Stored records
━━━━━━━━━━━━━━━━━━━━━━━━━━━━━━

lemma contraction_F_f:
  assumes "antisym2 F" "antisym2 f"
    and cyclic: "\<forall>\<mu><4. \<forall>\<nu><4. \<forall>l<4. f \<mu> \<nu> * k l + f \<nu> l * k \<mu> + f l \<mu> * k \<nu> = 0"
  shows "(\<Sum>\<mu><4. (\<Sum>\<alpha><4. F \<mu> \<alpha> * eta \<alpha> \<alpha> * k \<alpha>) * (\<Sum>\<nu><4. raise2 f \<mu> \<nu> * k \<nu>))
    = (\<Sum>\<alpha><4. \<Sum>\<beta><4. raise2 F \<alpha> \<beta> * f \<alpha> \<beta>) / 2 * (\<Sum>\<mu><4. \<Sum>\<nu><4. eta \<mu> \<nu> * k \<mu> * k \<nu>)"
proof -
  have "(\<Sum>\<mu><4. (\<Sum>\<alpha><4. F \<mu> \<alpha> * eta \<alpha> \<alpha> * k \<alpha>) * (\<Sum>\<nu><4. raise2 f \<mu> \<nu> * k \<nu>))
    = (\<Sum>\<alpha><4. \<Sum>\<beta><4. raise2 F \<alpha> \<beta> * f \<alpha> \<beta>) / 2 * (\<Sum>\<mu><4. \<Sum>\<nu><4. eta \<mu> \<nu> * k \<mu> * k \<nu>)
      - 1/2 * (\<Sum>l<4. eta l l * k l * (\<Sum>\<mu><4. \<Sum>\<nu><4. raise2 F \<mu> \<nu> *
          (f \<mu> \<nu> * k l + f \<nu> l * k \<mu> + f l \<mu> * k \<nu>)))"
    \<comment> \<open>the last term is (C) contracted with F^{mu nu} k^l\<close>
    by (simp add: component_simps antisym2_components[OF assms(1), unfolded One_nat_def]
        antisym2_components[OF assms(2), unfolded One_nat_def]) algebra
  also have "(\<Sum>l<4. eta l l * k l * (\<Sum>\<mu><4. \<Sum>\<nu><4. raise2 F \<mu> \<nu> *
          (f \<mu> \<nu> * k l + f \<nu> l * k \<mu> + f l \<mu> * k \<nu>))) = 0"
    using cyclic by simp
  finally show ?thesis by simp
qed

lemma field_equation_contracted:
  assumes "antisym2 F" "antisym2 f"
    and cyclic: "\<forall>\<mu><4. \<forall>\<nu><4. \<forall>l<4. f \<mu> \<nu> * k l + f \<nu> l * k \<mu> + f l \<mu> * k \<nu> = 0"
    and field_eq: "\<forall>\<mu><4. a * (\<Sum>\<nu><4. raise2 f \<mu> \<nu> * k \<nu>) + p * (\<Sum>\<nu><4. raise2 F \<mu> \<nu> * k \<nu>)
                     + q * (\<Sum>\<nu><4. raise2 (dual F) \<mu> \<nu> * k \<nu>) = 0"
  shows "a * (\<Sum>\<alpha><4. \<Sum>\<beta><4. raise2 F \<alpha> \<beta> * f \<alpha> \<beta>) / 2 * (\<Sum>\<mu><4. \<Sum>\<nu><4. eta \<mu> \<nu> * k \<mu> * k \<nu>)
    - p * (\<Sum>\<mu><4. \<Sum>\<nu><4. (\<Sum>l<4. raise1 F \<mu> l * raise2 F l \<nu>) * k \<mu> * k \<nu>)
    + q * invG F / 4 * (\<Sum>\<mu><4. \<Sum>\<nu><4. eta \<mu> \<nu> * k \<mu> * k \<nu>) = 0"
proof -
  define v where "v \<mu> = (\<Sum>\<alpha><4. F \<mu> \<alpha> * eta \<alpha> \<alpha> * k \<alpha>)" for \<mu>
  have "0 = (\<Sum>\<mu><4. v \<mu> * (a * (\<Sum>\<nu><4. raise2 f \<mu> \<nu> * k \<nu>) + p * (\<Sum>\<nu><4. raise2 F \<mu> \<nu> * k \<nu>)
                     + q * (\<Sum>\<nu><4. raise2 (dual F) \<mu> \<nu> * k \<nu>)))"
    using field_eq by simp
  also have "\<dots> = a * (\<Sum>\<mu><4. v \<mu> * (\<Sum>\<nu><4. raise2 f \<mu> \<nu> * k \<nu>))
      + p * (\<Sum>\<mu><4. v \<mu> * (\<Sum>\<nu><4. raise2 F \<mu> \<nu> * k \<nu>))
      + q * (\<Sum>\<mu><4. v \<mu> * (\<Sum>\<nu><4. raise2 (dual F) \<mu> \<nu> * k \<nu>))"
    by (simp add: sum.distrib sum_distrib_left algebra_simps)
  finally show ?thesis
    unfolding v_def contraction_F_f[OF assms(1-3)] contraction_F_F[OF assms(1)]
      contraction_F_dual[OF assms(1)] by simp
qed

lemma wave_vector_null_for_effective_metric:
  fixes L :: "real \<Rightarrow> real \<Rightarrow> real" and F f :: "nat \<Rightarrow> nat \<Rightarrow> real"
    and k :: "nat \<Rightarrow> real" and c :: real
  defines "x \<equiv> invF F" and "y \<equiv> invG F"
    and "xi \<equiv> (\<Sum>\<alpha><4. \<Sum>\<beta><4. raise2 F \<alpha> \<beta> * f \<alpha> \<beta>)"
    and "zeta \<equiv> (\<Sum>\<alpha><4. \<Sum>\<beta><4. raise2 (dual F) \<alpha> \<beta> * f \<alpha> \<beta>)"
  defines "A \<equiv> 2 * (xi * LFF L x y + zeta * LFG L x y)"
    and "B \<equiv> 2 * (xi * LFG L x y + zeta * LGG L x y)"
  assumes "antisym2 F" "antisym2 f"
    and cyclic: "\<forall>\<mu><4. \<forall>\<nu><4. \<forall>l<4. f \<mu> \<nu> * k l + f \<nu> l * k \<mu> + f l \<mu> * k \<nu> = 0"
    and rel_F: "LF L x y + y * LFG L x y + (4 * c + 2 * x) * LFF L x y = 0"
    and rel_G: "y * LGG L x y + (4 * c + 2 * x) * LFG L x y = 0"
    and field_eq: "\<forall>\<mu><4. LF L x y * (\<Sum>\<nu><4. raise2 f \<mu> \<nu> * k \<nu>) + A * (\<Sum>\<nu><4. raise2 F \<mu> \<nu> * k \<nu>)
                     + B * (\<Sum>\<nu><4. raise2 (dual F) \<mu> \<nu> * k \<nu>) = 0"
    and "A \<noteq> 0"
  shows "(\<Sum>\<mu><4. \<Sum>\<nu><4.
           ((c + 1/2 * x) * eta \<mu> \<nu> + (\<Sum>l<4. raise1 F \<mu> l * raise2 F l \<nu>)) * k \<mu> * k \<nu>) = 0"
proof -
  define K where "K = (\<Sum>\<mu><4. \<Sum>\<nu><4. eta \<mu> \<nu> * k \<mu> * k \<nu>)"
  define Q where "Q = (\<Sum>\<mu><4. \<Sum>\<nu><4. (\<Sum>l<4. raise1 F \<mu> l * raise2 F l \<nu>) * k \<mu> * k \<nu>)"
  have contracted: "LF L x y * xi / 2 * K - A * Q + B * y / 4 * K = 0"
    using field_equation_contracted[OF assms(7-9) field_eq]
    unfolding K_def Q_def xi_def y_def by simp
  have "LF L x y * xi / 2 + B * y / 4 + (c + 1/2 * x) * A
      = xi / 2 * (LF L x y + y * LFG L x y + (4 * c + 2 * x) * LFF L x y)
        + zeta / 2 * (y * LGG L x y + (4 * c + 2 * x) * LFG L x y)"
    unfolding A_def B_def by (simp add: algebra_simps)
  then have lagrangian_identity: "LF L x y * xi / 2 + B * y / 4 + (c + 1/2 * x) * A = 0"
    using rel_F rel_G by simp
  have "A * ((c + 1/2 * x) * K + Q)
      = (LF L x y * xi / 2 + B * y / 4 + (c + 1/2 * x) * A) * K
        - (LF L x y * xi / 2 * K - A * Q + B * y / 4 * K)"
    by (simp add: algebra_simps)
  also have "\<dots> = 0"
    by (simp only: lagrangian_identity contracted)
  finally have "A * ((c + 1/2 * x) * K + Q) = 0" .
  then have "(c + 1/2 * x) * K + Q = 0"
    using \<open>A \<noteq> 0\<close> by simp
  then show ?thesis
    unfolding K_def Q_def by (simp add: sum.distrib sum_distrib_left algebra_simps)
qed

theorem mainTheorem4:
  fixes b :: real
  assumes "b > 0"
  shows "(\<forall>x y. BIregion b x y \<longrightarrow>
            Omega1 (BI b) x y = 0 \<and> Omega2 (BI b) x y = 0 \<and> Omega3 (BI b) x y = 0)
     \<and> (\<forall>(Fb :: nat \<Rightarrow> nat \<Rightarrow> real) (f :: nat \<Rightarrow> nat \<Rightarrow> real) (k :: nat \<Rightarrow> real).
          antisym2 Fb \<longrightarrow> antisym2 f \<longrightarrow> BIregion b (invF Fb) (invG Fb) \<longrightarrow>
          (\<forall>\<mu><4. \<forall>\<nu><4. \<forall>l<4. f \<mu> \<nu> * k l + f \<nu> l * k \<mu> + f l \<mu> * k \<nu> = 0) \<longrightarrow>
          (let xi = (\<Sum>\<alpha><4. \<Sum>\<beta><4. raise2 Fb \<alpha> \<beta> * f \<alpha> \<beta>);
               zeta = (\<Sum>\<alpha><4. \<Sum>\<beta><4. raise2 (dual Fb) \<alpha> \<beta> * f \<alpha> \<beta>);
               x = invF Fb; y = invG Fb;
               A = 2 * (xi * LFF (BI b) x y + zeta * LFG (BI b) x y);
               B = 2 * (xi * LFG (BI b) x y + zeta * LGG (BI b) x y)
           in (\<forall>\<mu><4. LF (BI b) x y * (\<Sum>\<nu><4. raise2 f \<mu> \<nu> * k \<nu>)
                      + A * (\<Sum>\<nu><4. raise2 Fb \<mu> \<nu> * k \<nu>)
                      + B * (\<Sum>\<nu><4. raise2 (dual Fb) \<mu> \<nu> * k \<nu>) = 0) \<longrightarrow>
              A \<noteq> 0 \<longrightarrow>
              (\<Sum>\<mu><4. \<Sum>\<nu><4.
                 ((b\<^sup>2 + 1/2 * x) * eta \<mu> \<nu>
                  + (\<Sum>l<4. raise1 Fb \<mu> l * raise2 Fb l \<nu>)) * k \<mu> * k \<nu>) = 0))"
proof ((rule conjI; intro allI impI), goal_cases)
  case (1 x y)
  then have "4 * b\<^sup>2 + 2 * x \<noteq> 0"
    using BIregion_coefficient_pos by fastforce
  with 1 show ?case
    using Omegas_vanish_if_relations[OF BI_derivative_relations] by simp
next
  case (2 Fb f k)
  then show ?case
    unfolding Let_def
    by (intro impI wave_vector_null_for_effective_metric[where L = "BI b" and c = "b\<^sup>2"]
        BI_derivative_relations) simp_all
qed

end
lemma infsum_tail_le:
  fixes f :: "'b \<Rightarrow> real"
  assumes "f summable_on UNIV" and "0 < \<eta>"
  obtains F where "finite F" and "infsum f (- F) \<le> \<eta>"
proof -
  obtain F where F: "finite F" "dist (sum f F) (infsum f UNIV) \<le> \<eta>"
    using infsum_finite_approximation[OF assms] by blast
  have "infsum f UNIV = infsum f (F \<union> - F)"
    by simp
  also have "\<dots> = sum f F + infsum f (- F)"
    using F(1) summable_on_subset_banach[OF assms(1)] by (subst infsum_Un_disjoint) auto
  finally show ?thesis
    using that F by (simp add: dist_real_def)
qed

lemma infsum_le_finite_part_plus_tail:
  fixes f a b :: "'b \<Rightarrow> real"
  assumes F: "finite F" and a: "a summable_on UNIV" and b: "b summable_on UNIV"
    and f_nonneg: "\<And>p. 0 \<le> f p" and a_nonneg: "\<And>p. 0 \<le> a p"
    and f_le: "\<And>p. p \<notin> F \<Longrightarrow> f p \<le> a p + b p"
  shows "f summable_on UNIV"
    and "infsum f UNIV \<le> sum f F + infsum a UNIV + infsum b (- F)"
proof -
  have a_tail: "a summable_on - F" and b_tail: "b summable_on - F"
    using a b by (auto intro: summable_on_subset_banach)
  have ab_tail: "(\<lambda>p. a p + b p) summable_on - F"
    using a_tail b_tail by (rule summable_on_add)
  have f_tail: "f summable_on - F"
    using ab_tail by (rule summable_on_comparison_test) (use f_nonneg f_le in auto)
  have UNIV_split: "UNIV = F \<union> - F"
    by simp
  show "f summable_on UNIV"
    by (subst UNIV_split, rule summable_on_Un_disjoint) (use F f_tail in auto)
  have "infsum f UNIV = sum f F + infsum f (- F)"
    by (subst UNIV_split, subst infsum_Un_disjoint) (use F f_tail in auto)
  also have "\<dots> \<le> sum f F + infsum (\<lambda>p. a p + b p) (- F)"
    using infsum_mono[OF f_tail ab_tail] f_le by simp
  also have "\<dots> = sum f F + infsum a (- F) + infsum b (- F)"
    using infsum_add[OF a_tail b_tail] by simp
  also have "infsum a (- F) \<le> infsum a UNIV"
    by (rule infsum_mono_neutral[OF a_tail a]) (use a_nonneg in auto)
  finally show "infsum f UNIV \<le> sum f F + infsum a UNIV + infsum b (- F)"
    by simp
qed

definition clip :: "real \<Rightarrow> real \<Rightarrow> real" where
  "clip u t = max (min 0 u) (min (max 0 u) t)"

lemma clip_self [simp]: "clip u u = u"
  unfolding clip_def by linarith

lemma abs_clip_le: "\<bar>clip u t\<bar> \<le> \<bar>t\<bar>"
  unfolding clip_def by linarith

lemma abs_clip_le_bound: "\<bar>clip u t\<bar> \<le> \<bar>u\<bar>"
  unfolding clip_def by linarith

lemma abs_clip_diff_le: "\<bar>clip u t - clip v s\<bar> \<le> \<bar>u - v\<bar> + \<bar>t - s\<bar>"
  unfolding clip_def by linarith

lemma power2_clip_le: "(clip u t)\<^sup>2 \<le> t\<^sup>2"
  using abs_clip_le abs_le_square_iff by blast

lemma power2_clip_le_bound: "(clip u t)\<^sup>2 \<le> u\<^sup>2"
  using abs_clip_le_bound abs_le_square_iff by blast

lemma power2_clip_diff_le: "(clip u t - clip v s)\<^sup>2 \<le> 2 * (u - v)\<^sup>2 + 2 * (t - s)\<^sup>2"
proof -
  have "(clip u t - clip v s)\<^sup>2 \<le> (\<bar>u - v\<bar> + \<bar>t - s\<bar>)\<^sup>2"
    using abs_clip_diff_le[of u t v s] abs_le_square_iff by fastforce
  also have "\<dots> \<le> 2 * (u - v)\<^sup>2 + 2 * (t - s)\<^sup>2"
    using power2_add_le[of "\<bar>u - v\<bar>" "\<bar>t - s\<bar>"] by simp
  finally show ?thesis .
qed

lemma power2_clip_diff_le_sum: "(clip u t - clip v s)\<^sup>2 \<le> 2 * t\<^sup>2 + 2 * s\<^sup>2"
  using power2_diff_le[of "clip u t" "clip v s"] power2_clip_le[of u t] power2_clip_le[of v s]
  by linarith
lemma card_coprime_lessThan: "card {a. a < n \<and> coprime a n} = totient n"
proof (cases "n = 1")
  case False
  then have "{a. a < n \<and> coprime a n} = totatives n"
    by (auto simp: in_totatives_iff order.order_iff_strict intro!: gr0I)
  then show ?thesis by (simp add: totient_def)
qed (simp add: Collect_conv_if)

text \<open>The generator is written \<open>1 mod n\<close> so that the trivial group \<open>n = 1\<close> is included.\<close>
lemma hom_nat_mod_group_eq_mult:
  assumes f: "f \<in> hom (nat_mod_group n) (nat_mod_group n)" and x: "x < n"
  shows "f x = x * f (1 mod n) mod n"
  using x
proof (induction x)
  case 0
  then show ?case
    using hom_one[OF f] comm_group.axioms(2)[OF comm_group_nat_mod_group] by simp
next
  case (Suc x)
  then have "f (Suc x) = f (x \<otimes>\<^bsub>nat_mod_group n\<^esub> (1 mod n))"
    by simp
  also have "\<dots> = (f x + f (1 mod n)) mod n"
    using Suc.prems by (subst hom_mult[OF f]) simp_all
  also have "\<dots> = Suc x * f (1 mod n) mod n"
    using Suc by (simp add: mod_add_right_eq add.commute)
  finally show ?case .
qed
(* Consider the Normal Partizan Domination game on a star $K_{1,n}$ whose universal (center) vertex has color $A$, with $a$ leaves of color $A$, $b$ leaves of color $B$ and $c=n-a-b\geq 1$ leaves of color $C$. If $a=0$, the value is $(n-1)\cdot\uparrow$ if $n$ is even and $(n-1)\cdot\uparrow*$ if $n$ is odd. If $a>0$, the value is $J$ if $c$ is even and $J*$ if $c$ is odd, where $J$ is the value of the game on the star obtained by removing the $c$ leaves of color $C$ (keeping all other colors). If instead the universal vertex has color $B$, the value is $-J'$, where $J'$ is the value of the game obtained by interchanging the colors $A$ and $B$ on all vertices.
   Context: Normal Partizan Domination game: a finite graph $G$ has each vertex colored $A$, $B$ or $C$. Alice and Bob alternately select a vertex; Alice may only select vertices colored $A$ or $C$, Bob only vertices colored $B$ or $C$. A vertex $u$ dominates $v$ if $u=v$ or $uv$ is an edge. A vertex may be selected only if it is playable, i.e. it dominates at least one vertex not dominated by the previously selected vertices; the game ends when the selected vertices form a dominating set. Under normal play the player unable to move loses. The game is regarded as a partizan combinatorial game with Alice as Left and Bob as Right, and its value is its value in Conway's combinatorial game theory ($\{X\mid Y\}$ has Left options $X$ and Right options $Y$; $G+H$ is the disjunctive sum; $-G$ swaps Left and Right; $G=H$ iff $G+(-H)$ is a second-player win). Notation: $*=\{0\mid 0\}$; $\uparrow=\{0\mid *\}$; $m\cdot\uparrow$ is the sum of $m$ copies of $\uparrow$ (and $0\cdot\uparrow=0$); $J*$ denotes $J+*$. *)

theory Defs
  imports Main
begin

━━━━━━━━━━━━━━━━━━━━━━━━━━━━━━

- YOUR GOAL: Looking at the data above, write out exactly the lines that start at the one containing "b p) summable_on" and end at the one containing "by (subst UNIV_split, rule"; include both and nothing beyond.

- TASK RESULT:
  have ab_tail: "(\<lambda>p. a p + b p) summable_on - F"
    using a_tail b_tail by (rule summable_on_add)
  have f_tail: "f summable_on - F"
    using ab_tail by (rule summable_on_comparison_test) (use f_nonneg f_le in auto)
  have UNIV_split: "UNIV = F \<union> - F"
    by simp
  show "f summable_on UNIV"
    by (subst UNIV_split, rule summable_on_Un_disjoint) (use F f_tail in auto)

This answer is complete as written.